### Task instructions
Could you output only the lines from the one containing "with permutes_imp_bij[OF p]" through the last line of the data, both included?

── Data listing

lemma sum_sign_permutes:
  assumes "finite X"
  shows "(\<Sum>p | p permutes X. sign p) = (if card X \<le> 1 then 1 else (0::int))"
proof (cases "card X \<le> 1")
  case True
  then have "X = {} \<or> (\<exists>a. X = {a})"
    using assms by (metis card_0_eq card_1_singletonE le_Suc_eq le_zero_eq One_nat_def)
  then have "{p. p permutes X} = {id}" by auto
  then show ?thesis using True by simp
next
  case False
  obtain a b where ab: "a \<in> X" "b \<in> X" "a \<noteq> b"
    using False card_le_Suc0_iff_eq[OF assms] by auto
  have "(\<Sum>p | p permutes X. sign p) = (\<Sum>p | p permutes X. sign (p \<circ> transpose a b))"
    by (rule sum_permutations_compose_right) (use ab in \<open>simp add: permutes_swap_id\<close>)
  also have "\<dots> = (\<Sum>p | p permutes X. - sign p)"
    using ab assms
    by (intro sum.cong refl) (simp add: sign_compose sign_swap_id permutes_imp_permutation permutation_swap_id)
  finally show ?thesis using False by (simp add: sum_negf)
qed

section \<open>Pairs with negative sum\<close>

definition neg_sum_pairs :: "'a::linorder set \<Rightarrow> ('a \<Rightarrow> int) \<Rightarrow> ('a \<times> 'a) set" where
  "neg_sum_pairs A \<sigma> = {(i, j). i \<in> A \<and> j \<in> A \<and> i < j \<and> \<sigma> i + \<sigma> j < 0}"

lemma inversion_sign_abs:
  fixes \<sigma> :: "'a::linorder \<Rightarrow> int"
  assumes A: "finite A" and inj: "inj_on (\<lambda>i. \<bar>\<sigma> i\<bar>) A"
  shows "inversion_sign A (\<lambda>i. \<bar>\<sigma> i\<bar>)
       = inversion_sign A \<sigma> * (-1) ^ card (neg_sum_pairs A \<sigma>)"
proof -
  have "neg_sum_pairs A \<sigma> = {q \<in> ordered_pairs A. \<sigma> (fst q) + \<sigma> (snd q) < 0}"
    by (auto simp: neg_sum_pairs_def ordered_pairs_def)
  then have neg_sums: "(-1) ^ card (neg_sum_pairs A \<sigma>)
      = (\<Prod>(i, j)\<in>ordered_pairs A. if \<sigma> i + \<sigma> j < 0 then -1 else (1::int))"
    by (simp add: prod_neg_one_if finite_ordered_pairs[OF A] case_prod_beta)
  have pointwise: "(if \<bar>\<sigma> j\<bar> < \<bar>\<sigma> i\<bar> then -1 else 1)
      = (if \<sigma> j < \<sigma> i then -1 else 1) * (if \<sigma> i + \<sigma> j < 0 then -1 else (1::int))"
    if "(i, j) \<in> ordered_pairs A" for i j
  proof -
    have "\<bar>\<sigma> i\<bar> \<noteq> \<bar>\<sigma> j\<bar>"
      using that inj_onD[OF inj, of i j] by (auto simp: ordered_pairs_def)
    then show ?thesis by (auto simp: abs_if)
  qed
  have "inversion_sign A (\<lambda>i. \<bar>\<sigma> i\<bar>) = (\<Prod>(i, j)\<in>ordered_pairs A.
      (if \<sigma> j < \<sigma> i then -1 else 1) * (if \<sigma> i + \<sigma> j < 0 then -1 else (1::int)))"
    unfolding inversion_sign_conv_prod[OF A] by (rule prod.cong[OF refl]) (clarify, rule pointwise)
  also have "\<dots> = inversion_sign A \<sigma> * (\<Prod>(i, j)\<in>ordered_pairs A. if \<sigma> i + \<sigma> j < 0 then -1 else (1::int))"
    unfolding inversion_sign_conv_prod[OF A] prod.distrib[symmetric] case_prod_beta ..
  finally show ?thesis unfolding neg_sums .
qed

lemma card_neg_sum_pairs:
  fixes \<sigma> :: "'a::linorder \<Rightarrow> int"
  assumes A: "finite A" and inj: "inj_on (\<lambda>i. \<bar>\<sigma> i\<bar>) A"
  shows "card (neg_sum_pairs A \<sigma>)
       = (\<Sum>i | i \<in> A \<and> \<sigma> i < 0. card {j \<in> A. \<bar>\<sigma> j\<bar> < \<bar>\<sigma> i\<bar>})"
proof -
  let ?D = "SIGMA i:{i \<in> A. \<sigma> i < 0}. {j \<in> A. \<bar>\<sigma> j\<bar> < \<bar>\<sigma> i\<bar>}"
  let ?sort = "\<lambda>(i, j). (min i j, max i j)"
  have ne: "\<bar>\<sigma> i\<bar> \<noteq> \<bar>\<sigma> j\<bar>" if "i \<in> A" "j \<in> A" "i \<noteq> j" for i j
    using inj that by (meson inj_onD)
  have "(i, j) \<in> ?sort ` ?D" if ij: "i \<in> A" "j \<in> A" "i < j" "\<sigma> i + \<sigma> j < 0" for i j
  proof (cases "\<bar>\<sigma> j\<bar> < \<bar>\<sigma> i\<bar>")
    case True
    then have "(i, j) \<in> ?D" using ij by (auto simp: abs_if split: if_splits)
    then show ?thesis using ij by (auto intro!: image_eqI[of _ _ "(i, j)"])
  next
    case False
    moreover have "\<bar>\<sigma> i\<bar> \<noteq> \<bar>\<sigma> j\<bar>" using ne ij by blast
    ultimately have "\<bar>\<sigma> i\<bar> < \<bar>\<sigma> j\<bar>" by (metis not_less order_le_neq_trans)
    then have "(j, i) \<in> ?D" using ij by (auto simp: abs_if split: if_splits)
    then show ?thesis using ij by (auto intro!: image_eqI[of _ _ "(j, i)"])
  qed
  moreover have "(min i j, max i j) \<in> neg_sum_pairs A \<sigma>" if "(i, j) \<in> ?D" for i j
    using that by (cases i j rule: linorder_cases) (auto simp: neg_sum_pairs_def abs_if split: if_splits)
  ultimately have "neg_sum_pairs A \<sigma> = ?sort ` ?D"
    by (auto simp: neg_sum_pairs_def)
  also have "card \<dots> = card ?D"
    by (rule card_image) (auto simp: inj_on_def min_def max_def split: if_splits)
  also have "\<dots> = (\<Sum>i | i \<in> A \<and> \<sigma> i < 0. card {j \<in> A. \<bar>\<sigma> j\<bar> < \<bar>\<sigma> i\<bar>})"
    using A by (intro card_SigmaI) auto
  finally show ?thesis .
qed

section \<open>Signed permutations\<close>

lemma inj_on_abs_signed_perms:
  assumes "\<sigma> \<in> signed_perms n"
  shows "inj_on (\<lambda>i. \<bar>\<sigma> i\<bar>) {1..n}"
proof (rule inj_onI)
  fix x y assume xy: "x \<in> {1..n}" "y \<in> {1..n}" "\<bar>\<sigma> x\<bar> = \<bar>\<sigma> y\<bar>"
  have "inj_on (\<lambda>i. nat \<bar>\<sigma> i\<bar>) {1..n}"
    using assms by (simp add: signed_perms_def bij_betw_def)
  then show "x = y" using inj_onD[of "\<lambda>i. nat \<bar>\<sigma> i\<bar>" "{1..n}" x y] xy by simp
qed

lemma card_bij_betw_less:
  assumes g: "bij_betw g A A"
  shows "card {j \<in> A. g j < v} = card {x \<in> A. x < v}"
proof -
  have "x \<in> g ` {j \<in> A. g j < v}" if "x \<in> A" "x < v" for x
  proof -
    from that(1) have "x \<in> g ` A" using g by (simp add: bij_betw_def)
    then obtain j where "j \<in> A" "x = g j" by blast
    then show ?thesis using that(2) by blast
  qed
  then have "g ` {j \<in> A. g j < v} = {x \<in> A. x < v}"
    using bij_betw_apply[OF g] by auto
  moreover have "inj_on g {j \<in> A. g j < v}"
    using bij_betw_imp_inj_on[OF g] by (rule inj_on_subset) auto
  ultimately show ?thesis by (metis card_image)
qed

lemma lenD_eq_invc_plus_card_neg_sum_pairs:
  assumes \<sigma>: "\<sigma> \<in> signed_perms n"
  shows "lenD n \<sigma> = int (invc n \<sigma>) + int (card (neg_sum_pairs {1..n} \<sigma>))"
proof -
  let ?S = "{1..n}"
  let ?Neg = "{i \<in> ?S. \<sigma> i < 0}"
  define g where "g = (\<lambda>i. nat \<bar>\<sigma> i\<bar>)"
  have g: "bij_betw g ?S ?S" using \<sigma> by (simp add: signed_perms_def g_def)
  have gS: "g i \<in> ?S" if "i \<in> ?S" for i using bij_betw_apply[OF g that] .
  have abs_eq: "\<bar>\<sigma> i\<bar> = int (g i)" for i by (simp add: g_def)
  have "card (neg_sum_pairs ?S \<sigma>) = (\<Sum>i\<in>?Neg. card {j \<in> ?S. g j < g i})"
    unfolding card_neg_sum_pairs[OF finite_atLeastAtMost inj_on_abs_signed_perms[OF \<sigma>]] abs_eq by simp
  also have "\<dots> = (\<Sum>i\<in>?Neg. g i - 1)"
  proof (rule sum.cong[OF refl])
    fix i assume "i \<in> ?Neg"
    then have "g i \<in> ?S" using gS by simp
    then have "{x \<in> ?S. x < g i} = {1..<g i}" by auto
    then show "card {j \<in> ?S. g j < g i} = g i - 1" using card_bij_betw_less[OF g, of "g i"] by simp
  qed
  also have "int \<dots> = (\<Sum>i\<in>?Neg. - \<sigma> i - 1)"
    unfolding of_nat_sum
  proof (rule sum.cong[OF refl])
    fix i assume i: "i \<in> ?Neg"
    then have "g i \<ge> 1" using gS by simp
    then show "int (g i - 1) = - \<sigma> i - 1" using i abs_eq[of i] by simp
  qed
  finally show ?thesis
    by (simp add: lenD_def lenB_def negc_def sum_subtractf sum_negf)
qed

definition signed_perm :: "nat \<Rightarrow> (nat \<Rightarrow> nat) \<Rightarrow> nat set \<Rightarrow> nat \<Rightarrow> int" where
  "signed_perm n \<pi> N i = (if i \<in> {1..n} then if i \<in> N then - int (\<pi> i) else int (\<pi> i) else 0)"

lemma abs_signed_perm: "i \<in> {1..n} \<Longrightarrow> \<bar>signed_perm n \<pi> N i\<bar> = int (\<pi> i)"
  by (simp add: signed_perm_def)

lemma signed_perm_neg_iff:
  assumes "\<pi> permutes {1..n}" "i \<in> {1..n}"
  shows "signed_perm n \<pi> N i < 0 \<longleftrightarrow> i \<in> N"
  using permutes_in_image[OF assms(1), of i] assms(2) by (auto simp: signed_perm_def)

lemma bij_betw_signed_perm:
  "bij_betw (\<lambda>(\<pi>, N). signed_perm n \<pi> N) ({\<pi>. \<pi> permutes {1..n}} \<times> Pow {1..n}) (signed_perms n)"
proof (rule bij_betw_imageI)
  let ?S = "{1..n}"
  show "inj_on (\<lambda>(\<pi>, N). signed_perm n \<pi> N) ({\<pi>. \<pi> permutes ?S} \<times> Pow ?S)"
  proof (rule inj_onI, clarify)
    fix \<pi> N \<pi>' N'
    assume p: "\<pi> permutes ?S" "\<pi>' permutes ?S" and N: "N \<subseteq> ?S" "N' \<subseteq> ?S"
      and eq: "signed_perm n \<pi> N = signed_perm n \<pi>' N'"
    have "\<pi> i = \<pi>' i" for i
      using arg_cong[OF eq, of "\<lambda>\<sigma>. \<bar>\<sigma> i\<bar>"] permutes_not_in[OF p(1)] permutes_not_in[OF p(2)]
      by (cases "i \<in> ?S") (simp_all add: abs_signed_perm)
    moreover have "i \<in> N \<longleftrightarrow> i \<in> N'" if "i \<in> ?S" for i
      using arg_cong[OF eq, of "\<lambda>\<sigma>. \<sigma> i < 0"] signed_perm_neg_iff[OF p(1) that] signed_perm_neg_iff[OF p(2) that]
      by simp
    ultimately show "\<pi> = \<pi>' \<and> N = N'" using N by blast
  qed
  show "(\<lambda>(\<pi>, N). signed_perm n \<pi> N) ` ({\<pi>. \<pi> permutes ?S} \<times> Pow ?S) = signed_perms n"
  proof safe
    fix \<pi> N assume p: "\<pi> permutes ?S" and "N \<subseteq> ?S"
    have "bij_betw (\<lambda>i. nat \<bar>signed_perm n \<pi> N i\<bar>) ?S ?S \<longleftrightarrow> bij_betw \<pi> ?S ?S"
      by (rule bij_betw_cong) (simp add: abs_signed_perm)
    with permutes_imp_bij[OF p] have "bij_betw (\<lambda>i. nat \<bar>signed_perm n \<pi> N i\<bar>) ?S ?S" by simp
    then show "signed_perm n \<pi> N \<in> signed_perms n"
      by (simp add: signed_perms_def signed_perm_def)
  next
    fix \<sigma> assume \<sigma>: "\<sigma> \<in> signed_perms n"
    define \<pi> where "\<pi> i = (if i \<in> ?S then nat \<bar>\<sigma> i\<bar> else i)" for i
    have "bij_betw \<pi> ?S ?S \<longleftrightarrow> bij_betw (\<lambda>i. nat \<bar>\<sigma> i\<bar>) ?S ?S"
      by (rule bij_betw_cong) (simp add: \<pi>_def)
    then have "\<pi> permutes ?S"
      using \<sigma> by (intro bij_imp_permutes) (auto simp: signed_perms_def \<pi>_def)
    moreover have "\<sigma> = signed_perm n \<pi> {i \<in> ?S. \<sigma> i < 0}"
      using \<sigma> by (auto simp: fun_eq_iff signed_perm_def \<pi>_def signed_perms_def)
    ultimately show "\<sigma> \<in> (\<lambda>(\<pi>, N). signed_perm n \<pi> N) ` ({\<pi>. \<pi> permutes ?S} \<times> Pow ?S)"
      by (auto intro!: image_eqI[of _ _ "(\<pi>, {i \<in> ?S. \<sigma> i < 0})"])
  qed
qed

────

### Response to this task
    with permutes_imp_bij[OF p] have "bij_betw (\<lambda>i. nat \<bar>signed_perm n \<pi> N i\<bar>) ?S ?S" by simp
    then show "signed_perm n \<pi> N \<in> signed_perms n"
      by (simp add: signed_perms_def signed_perm_def)
  next
    fix \<sigma> assume \<sigma>: "\<sigma> \<in> signed_perms n"
    define \<pi> where "\<pi> i = (if i \<in> ?S then nat \<bar>\<sigma> i\<bar> else i)" for i
    have "bij_betw \<pi> ?S ?S \<longleftrightarrow> bij_betw (\<lambda>i. nat \<bar>\<sigma> i\<bar>) ?S ?S"
      by (rule bij_betw_cong) (simp add: \<pi>_def)
    then have "\<pi> permutes ?S"
      using \<sigma> by (intro bij_imp_permutes) (auto simp: signed_perms_def \<pi>_def)
    moreover have "\<sigma> = signed_perm n \<pi> {i \<in> ?S. \<sigma> i < 0}"
      using \<sigma> by (auto simp: fun_eq_iff signed_perm_def \<pi>_def signed_perms_def)
    ultimately show "\<sigma> \<in> (\<lambda>(\<pi>, N). signed_perm n \<pi> N) ` ({\<pi>. \<pi> permutes ?S} \<times> Pow ?S)"
      by (auto intro!: image_eqI[of _ _ "(\<pi>, {i \<in> ?S. \<sigma> i < 0})"])
  qed
qed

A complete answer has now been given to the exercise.